What I’ve tried. Just creating a win32 window in c++. Was pretty straightforward, the only configuring that needed to be done was project: properties → Linker ->system → sub system → windows
Now for the next step, integrate a win32 window with cmake. Uh oh, no way to go into properties. So when I try to execute I get a popup window that says “please select a valid startup item”. Which only appears when I have the win32 code in the cpp file. If I use the default cpp file visual studio creates with the make file I get “hello cmake” in the debug window.
I tried one more additional thing. In CmakeLists.txt I added:
add_executable(win32_wit_cmake WIN32 win32_wit_cmake.cpp)
My question is this. How do I make it so visual studio knows how to build a win32 window with cmake.
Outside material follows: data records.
text \<open>A cost-\<open>c\<close> edge with \<open>0 < c \<le> W\<close> that is safe for \<open>r\<close> strictly decreases the rank of \<open>r\<close>,
  so it stays safe for \<open>W\<close> times the rank.\<close>
lemma safe_edge_rank_in:
  assumes "finite U" "safe_edge E w U r v u" "\<forall>c. w (v, u) = Cost c \<longrightarrow> c \<le> W"
  shows "safe_edge E w U (\<lambda>x. W * rank_in U r x) v u"
proof -
  have "W * rank_in U r u + c \<le> W * rank_in U r v" if cost: "w (v, u) = Cost c" for c
  proof (cases "c = 0")
    case True
    then show ?thesis
      using assms(2) cost rank_in_mono[OF assms(1), of r u v] by (simp add: safe_edge_def)
  next
    case False
    then have "Suc (rank_in U r u) \<le> rank_in U r v"
      using assms(2) cost rank_in_strict_mono[OF assms(1), of u r v]
      by (simp add: safe_edge_def Suc_le_eq)
    then have "W * Suc (rank_in U r u) \<le> W * rank_in U r v" by (rule mult_le_mono2)
    then show ?thesis using assms(3) cost by simp
  qed
  then show ?thesis using assms(2) by (simp add: safe_edge_def)
qed

lemma energy_certificate_rank_in:
  assumes "finite U" "energy_certificate V0 E w U r K"
    and weights: "\<forall>e\<in>E. \<forall>c. w e = Cost c \<longrightarrow> c \<le> W"
  shows "energy_certificate V0 E w U (\<lambda>x. W * rank_in U r x) ((card U - 1) * W)"
proof -
  have safe: "safe_edge E w U (\<lambda>x. W * rank_in U r x) v u" if "safe_edge E w U r v u" for v u
  proof -
    have "\<forall>c. w (v, u) = Cost c \<longrightarrow> c \<le> W" using weights that by (auto simp: safe_edge_def)
    with safe_edge_rank_in[OF assms(1) that] show ?thesis .
  qed
  have "W * rank_in U r v \<le> (card U - 1) * W" if "v \<in> U" for v
  proof -
    have "rank_in U r v \<le> card U - 1" using rank_in_less_card[OF assms(1) that, of r] by simp
    then show ?thesis by (simp add: mult.commute)
  qed
  with assms(2) safe show ?thesis unfolding energy_certificate_def by blast
qed

lemma finite_edges_of_arena: "arena V V0 E vI \<Longrightarrow> finite E"
  unfolding arena_def by (metis finite_SigmaI finite_subset)

lemma Cost_le_max_weight:
  assumes "finite E" "e \<in> E" "w e = Cost c"
  shows "c \<le> max_weight E w"
proof -
  have "{c. \<exists>e\<in>E. w e = Cost c} \<subseteq> (\<lambda>e. case w e of Cost c \<Rightarrow> c | Rchg \<Rightarrow> 0) ` E"
    by (force split: rweight.splits)
  then have "finite ({c. \<exists>e\<in>E. w e = Cost c} \<union> {0})"
    using finite_subset[OF _ finite_imageI[OF assms(1)]] by blast
  then show ?thesis unfolding max_weight_def using assms(2,3) by (auto intro: Max_ge)
qed

definition certificate_move ::
  "('v \<times> 'v) set \<Rightarrow> ('v \<times> 'v \<Rightarrow> rweight) \<Rightarrow> 'v set \<Rightarrow> ('v \<Rightarrow> nat) \<Rightarrow> 'v \<Rightarrow> 'v" where
  "certificate_move E w U r v =
     (if \<exists>u. safe_edge E w U r v u then SOME u. safe_edge E w U r v u else SOME u. (v, u) \<in> E)"

lemma certificate_move_safe:
  "\<exists>u. safe_edge E w U r v u \<Longrightarrow> safe_edge E w U r v (certificate_move E w U r v)"
  unfolding certificate_move_def by (auto intro: someI_ex)
(* Let $\mathcal{D}=\{1,\ldots,d^{\max}\}$, $m_d>0$ with $\sum_d m_d=1$, $d^{\mathtt{avg}}=\sum_d d\,m_d$, $\alpha,\gamma\in(0,1)$, $\beta_\mathtt{P}^d\in(0,1)$, and $c_\mathtt{P},L>0$. For $\mathbf{y}=(y^d)_{d\in\mathcal{D}}\in[0,1]^{d^{\max}}$ let $\Theta(\mathbf{y}):=\sum_{d\in\mathcal{D}}\frac{d m_d}{d^{\mathtt{avg}}}\beta_\mathtt{P}^d y^d$, and define thresholds $\Theta^d_{th}:=\frac{c_\mathtt{P}}{L(1-\alpha)d}$ for $d\in\mathcal{D}$, with $\Theta^{d^{\max}+1}_{th}:=0$. Assume there is a degree $d$ with $\Theta^d_{th}<1$ and let $d_{\min}$ be the smallest such degree. Define the intervals $\mathcal{I}_{d^{\max}+1}:=[0,\Theta^{d^{\max}}_{th})$, $\mathcal{I}_{d_{\min}}:=(\Theta^{d_{\min}}_{th},1]$, and $\mathcal{I}_d:=(\Theta^d_{th},\Theta^{d-1}_{th})$ for $d\in\{d_{\min}+1,\ldots,d^{\max}\}$. Call $\mathbf{y}\in[0,1]^{d^{\max}}$ an equilibrium of the switched dynamics if for every $d\in\mathcal{D}$ there exists $z^d_{\mathtt{S}}\in[0,1]$ with $z^d_{\mathtt{S}}=1$ if $\Theta(\mathbf{y})<\Theta^d_{th}$, $z^d_{\mathtt{S}}=0$ if $\Theta(\mathbf{y})>\Theta^d_{th}$ (and $z^d_{\mathtt{S}}$ arbitrary in $[0,1]$ if $\Theta(\mathbf{y})=\Theta^d_{th}$), such that $$0=-\gamma y^d+(1-y^d)\big(z^d_{\mathtt{S}}+\alpha(1-z^d_{\mathtt{S}})\big)\,d\,\Theta(\mathbf{y}).$$ An endemic equilibrium is a nonzero equilibrium; $\mathbf{y}=0$ is the disease-free equilibrium. Let $\mathcal{R}(d^\star)$ and $\Theta_{\mathtt{EE}}(d^\star)$ (for $d^\star\in\{1,\ldots,d^{\max}+1\}$) be as defined in the context, and let $\mathbf{y}_{\mathtt{EE}}(d^\star)$ denote the corresponding endemic equilibrium of the fixed-$d^\star$ dynamics when $\mathcal{R}(d^\star)>1$. Then: (1) If $\mathcal{R}(d^{\max}+1)\le 1$, the disease-free equilibrium is the only equilibrium of the switched dynamics. (2) Suppose $\mathcal{R}(d^{\max}+1)>1$, and let $d^{\mathtt{eq}}$ be the smallest element of $\{d_{\min},\ldots,d^{\max}+1\}$ with $\Theta_{\mathtt{EE}}(d^{\mathtt{eq}})>\Theta^{d^{\mathtt{eq}}}_{th}$. (a) If $\Theta_{\mathtt{EE}}(d^{\mathtt{eq}})\in\mathcal{I}_{d^{\mathtt{eq}}}$, then $\mathbf{y}_{\mathtt{EE}}(d^{\mathtt{eq}})$ is the unique endemic equilibrium of the switched dynamics. (b) If $\Theta_{\mathtt{EE}}(d^{\mathtt{eq}})\ge\Theta^{d^{\mathtt{eq}}-1}_{th}$, then the switched dynamics has a unique endemic equilibrium; it satisfies $\Theta(\mathbf{y})=\Theta^{d^{\mathtt{eq}}-1}_{th}$ and $y^d=\frac{s_d\,d\,\Theta^{d^{\mathtt{eq}}-1}_{th}}{\gamma+s_d\,d\,\Theta^{d^{\mathtt{eq}}-1}_{th}}$ for all $d$, where $s_d=1$ for $d<d^{\mathtt{eq}}-1$, $s_d=\alpha$ for $d>d^{\mathtt{eq}}-1$, and $s_{d^{\mathtt{eq}}-1}=\bar z+\alpha(1-\bar z)$ for some $\bar z\in[0,1]$.
   Context: For $d^\star\in\{1,\ldots,d^{\max}+1\}$: $$\mathcal{R}(d^\star):=\sum_{d=1}^{d^\star-1}\frac{d^2 m_d\beta_\mathtt{P}^d}{d^{\mathtt{avg}}\gamma}+\sum_{d=d^\star}^{d^{\max}}\frac{\alpha\, d^2 m_d\beta_\mathtt{P}^d}{d^{\mathtt{avg}}\gamma}.$$ The fixed-$d^\star$ dynamics is $\dot y^d=-\gamma y^d+(1-y^d)\kappa_d\,d\,\Theta(\mathbf{y})$ with $\kappa_d=1$ for $d<d^\star$ and $\kappa_d=\alpha$ for $d\ge d^\star$; when $\mathcal{R}(d^\star)>1$ it has a unique nonzero equilibrium $\mathbf{y}_{\mathtt{EE}}(d^\star)\in[0,1]^{d^{\max}}$. $\Theta_{\mathtt{EE}}(d^\star):=\Theta(\mathbf{y}_{\mathtt{EE}}(d^\star))$ if $\mathcal{R}(d^\star)>1$, which is the unique $\Theta>0$ with $1=\sum_{d<d^\star}\frac{d m_d}{d^{\mathtt{avg}}}\frac{d\beta_\mathtt{P}^d}{\gamma+d\Theta}+\sum_{d\ge d^\star}\frac{d m_d}{d^{\mathtt{avg}}}\frac{\alpha d\beta_\mathtt{P}^d}{\gamma+\alpha d\Theta}$; and $\Theta_{\mathtt{EE}}(d^\star):=0$ if $\mathcal{R}(d^\star)\le 1$. The switched dynamics models the SIS epidemic when susceptible agents of degree $d$ adopt protection (reducing infection probability by factor $\alpha$) exactly when $\Theta(\mathbf{y})$ exceeds $\Theta^d_{th}$, and infected agents always adopt protection (transmission rate $\beta_\mathtt{P}^d$). *)

theory Defs
  imports Main "HOL.Real"
begin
In your original post the target name was win32_wit_cmake, but this error message implies that you (also?) have cmake32_1 target, which you haven’t mentioned before. What other targets are you hiding from us?
That’s a yet another target name, the third one by now, in addition to win32_wit_cmake and cmake32_1.
Perhaps you should share your entire project file.
Hi, I started over from scratch. It says new users can’t upload attachments. If I go back to the original file I can’t even build it properly because I can’t select a startup item.
And you’ve never shared a text file over the internet?
You can use a pastebin service, such as this one, or create a public GitHub repository for your project.
If this is not a nested project, then I’d say you are missing the project() statement. And also the cmake_minimum_required().
Also I don’t understand what you are trying to achieve by creating the same target CMakeProject1 twice (as that CMake version check is very likely to pass).
Anyway, I actually lost track a bit of what your problem was. So I just tried to build your project (after fixing those problems), and here’s the application that I got running:
No, I usually set C/CXX standards per project, not as a target property like you did, so I deleted that line from your original project. But actually it shouldn’t matter in this case, as your application builds fine both with and without it.